### Your assignment
Line count for "auto": tally the lines of the records below that contain it, and give only that number.

Stored records
Start of Block
lemma measurable_cell_data:
  assumes "(\<lambda>\<omega>. N \<omega> j) \<in> measurable M (count_space UNIV)"
    and "\<And>l. (\<lambda>\<omega>. Y \<omega> l j) \<in> borel_measurable M"
  shows "(\<lambda>\<omega>. (N \<omega> j, \<lambda>l. Y \<omega> l j)) \<in> measurable M cell_space"
  unfolding cell_space_def
proof (rule measurable_Pair)
  have "(\<lambda>\<omega>. \<lambda>l\<in>UNIV. Y \<omega> l j) \<in> measurable M (\<Pi>\<^sub>M l\<in>UNIV. borel)"
    by (rule measurable_restrict) (use assms in auto)
  then show "(\<lambda>\<omega> l. Y \<omega> l j) \<in> measurable M (\<Pi>\<^sub>M l\<in>UNIV. borel)"
    by (simp add: restrict_def)
qed (fact assms)

lemma measurable_cell_sum_square:
  assumes "h \<in> borel_measurable borel"
  shows "(\<lambda>x. ennreal ((\<Sum>l=1..fst x. h (snd x l))\<^sup>2)) \<in> borel_measurable cell_space"
proof (rule measurable_compose_countable[of "\<lambda>n x. ennreal ((\<Sum>l=1..n. h (snd x l))\<^sup>2)" _ _ fst])
  show "fst \<in> measurable cell_space (count_space UNIV)"
    unfolding cell_space_def by (rule measurable_fst)
  show "(\<lambda>x. ennreal ((\<Sum>l=1..n. h (snd x l))\<^sup>2)) \<in> borel_measurable cell_space" for n
    unfolding cell_space_def using assms by measurable
qed

lemma permute_cell_in_cells:
  assumes "\<forall>i<k. \<pi> i permutes {1..}" and "c \<in> cells k"
  shows "permute_cell k \<pi> c \<in> cells k"
  using assms permutes_in_image[of "\<pi> _" "{1..}"]
  unfolding permute_cell_def cells_def by auto

text \<open>Exchangeability moves any cell to \<open>one_cell k\<close> by the coordinatewise transpositions
  \<open>1 \<leftrightarrow> j i\<close>.\<close>

lemma A1_nn_integral_cell_eq:
  assumes A1: "A1 M k N Y" and j: "j \<in> cells k"
    and N_meas: "\<And>j. j \<in> cells k \<Longrightarrow> (\<lambda>\<omega>. N \<omega> j) \<in> measurable M (count_space UNIV)"
    and Y_meas: "\<And>l j. j \<in> cells k \<Longrightarrow> (\<lambda>\<omega>. Y \<omega> l j) \<in> borel_measurable M"
    and h: "h \<in> borel_measurable cell_space"
  shows "(\<integral>\<^sup>+\<omega>. h (N \<omega> j, \<lambda>l. Y \<omega> l j) \<partial>M)
       = (\<integral>\<^sup>+\<omega>. h (N \<omega> (one_cell k), \<lambda>l. Y \<omega> l (one_cell k)) \<partial>M)"
proof -
  define \<pi> where "\<pi> = (\<lambda>i. Transposition.transpose (1::nat) (j i))"
  have perm: "\<forall>i<k. \<pi> i permutes {1..}"
    using j unfolding \<pi>_def cells_def by (auto intro!: permutes_swap_id)
  have one: "one_cell k \<in> cells k"
    unfolding one_cell_def cells_def by auto
  have moves_one: "permute_cell k \<pi> (one_cell k) = j"
    using j unfolding permute_cell_def \<pi>_def one_cell_def cells_def by auto
  let ?S = "array_space k (cells k)"
  define D where "D = data_array N Y (cells k)"
  define D' where "D' = (\<lambda>\<omega>. \<lambda>j\<in>cells k. D \<omega> (permute_cell k \<pi> j))"
  have same_law: "distr M ?S D = distr M ?S D'"
    using A1 perm unfolding A1_def D_def D'_def by blast
  have D_meas: "D \<in> measurable M ?S"
    unfolding D_def data_array_def array_space_def
    by (intro measurable_restrict measurable_cell_data N_meas Y_meas)
  have D'_meas: "D' \<in> measurable M ?S"
    unfolding D'_def D_def data_array_def array_space_def
    using permute_cell_in_cells[OF perm]
    by (intro measurable_restrict) (auto intro!: measurable_cell_data N_meas Y_meas)
  define \<phi> where "\<phi> = (\<lambda>x::(nat \<Rightarrow> nat) \<Rightarrow> _. h (x (one_cell k)))"
  have \<phi>_meas: "\<phi> \<in> borel_measurable ?S"
    unfolding \<phi>_def array_space_def
    by (rule measurable_compose[OF measurable_component_singleton[OF one] h])
  have "(\<integral>\<^sup>+\<omega>. \<phi> (D \<omega>) \<partial>M) = (\<integral>\<^sup>+x. \<phi> x \<partial>distr M ?S D)"
    using D_meas \<phi>_meas by (simp add: nn_integral_distr)
  also have "\<dots> = (\<integral>\<^sup>+x. \<phi> x \<partial>distr M ?S D')"
    by (simp add: same_law)
  also have "\<dots> = (\<integral>\<^sup>+\<omega>. \<phi> (D' \<omega>) \<partial>M)"
    using D'_meas \<phi>_meas by (simp add: nn_integral_distr)
  finally show ?thesis
    unfolding \<phi>_def D'_def D_def data_array_def using one moves_one j by simp
qed

definition cell_weight :: "('a \<Rightarrow> (nat \<Rightarrow> nat) \<Rightarrow> nat) \<Rightarrow> ('a \<Rightarrow> nat \<Rightarrow> (nat \<Rightarrow> nat) \<Rightarrow> 'b)
    \<Rightarrow> ('b \<Rightarrow> real) \<Rightarrow> ('b \<Rightarrow> real) \<Rightarrow> (nat \<Rightarrow> nat) \<times> (nat \<Rightarrow> nat) \<Rightarrow> 'a \<Rightarrow> real" where
  "cell_weight N Y F G p \<omega> = ((Ssum N Y F \<omega> (fst p))\<^sup>2 + (Ssum N Y G \<omega> (snd p))\<^sup>2) / 2"

lemma abs_Ssum_le:
  assumes "\<And>l. \<bar>f (Y \<omega> l j)\<bar> \<le> F (Y \<omega> l j)"
  shows "\<bar>Ssum N Y f \<omega> j\<bar> \<le> Ssum N Y F \<omega> j"
  unfolding Ssum_def using assms by (intro order_trans[OF sum_abs sum_mono])

lemma abs_Ssum_mult_le_cell_weight:
  assumes "\<And>l. \<bar>f (Y \<omega> l j)\<bar> \<le> F (Y \<omega> l j)" and "\<And>l. \<bar>g (Y \<omega> l j')\<bar> \<le> G (Y \<omega> l j')"
  shows "\<bar>Ssum N Y f \<omega> j * Ssum N Y g \<omega> j'\<bar> \<le> cell_weight N Y F G (j, j') \<omega>"
proof -
  define a where "a = Ssum N Y F \<omega> j"
  define b where "b = Ssum N Y G \<omega> j'"
  have "\<bar>Ssum N Y f \<omega> j * Ssum N Y g \<omega> j'\<bar> \<le> a * b"
    unfolding abs_mult a_def b_def using assms
    by (intro mult_mono abs_Ssum_le) (auto intro: order_trans[OF abs_ge_zero abs_Ssum_le])
  also have "\<dots> \<le> (a\<^sup>2 + b\<^sup>2) / 2"
    using sum_squares_bound[of a b] by simp
  finally show ?thesis
    unfolding cell_weight_def a_def b_def by simp
qed

lemma borel_measurable_Ssum:
  assumes "(\<lambda>\<omega>. N \<omega> j) \<in> measurable M (count_space UNIV)"
    and "\<And>l. (\<lambda>\<omega>. Y \<omega> l j) \<in> borel_measurable M" and "h \<in> borel_measurable borel"
  shows "(\<lambda>\<omega>. Ssum N Y h \<omega> j) \<in> borel_measurable M"
  unfolding Ssum_def
proof (rule measurable_compose_countable[of "\<lambda>n \<omega>. \<Sum>l=1..n. h (Y \<omega> l j)" _ _ "\<lambda>\<omega>. N \<omega> j"])
  show "(\<lambda>\<omega>. \<Sum>l = 1..n. h (Y \<omega> l j)) \<in> borel_measurable M" for n
    using assms by (intro borel_measurable_sum measurable_compose[OF _ assms(3)]) auto
qed (fact assms)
End of Block
### Reply to the task
8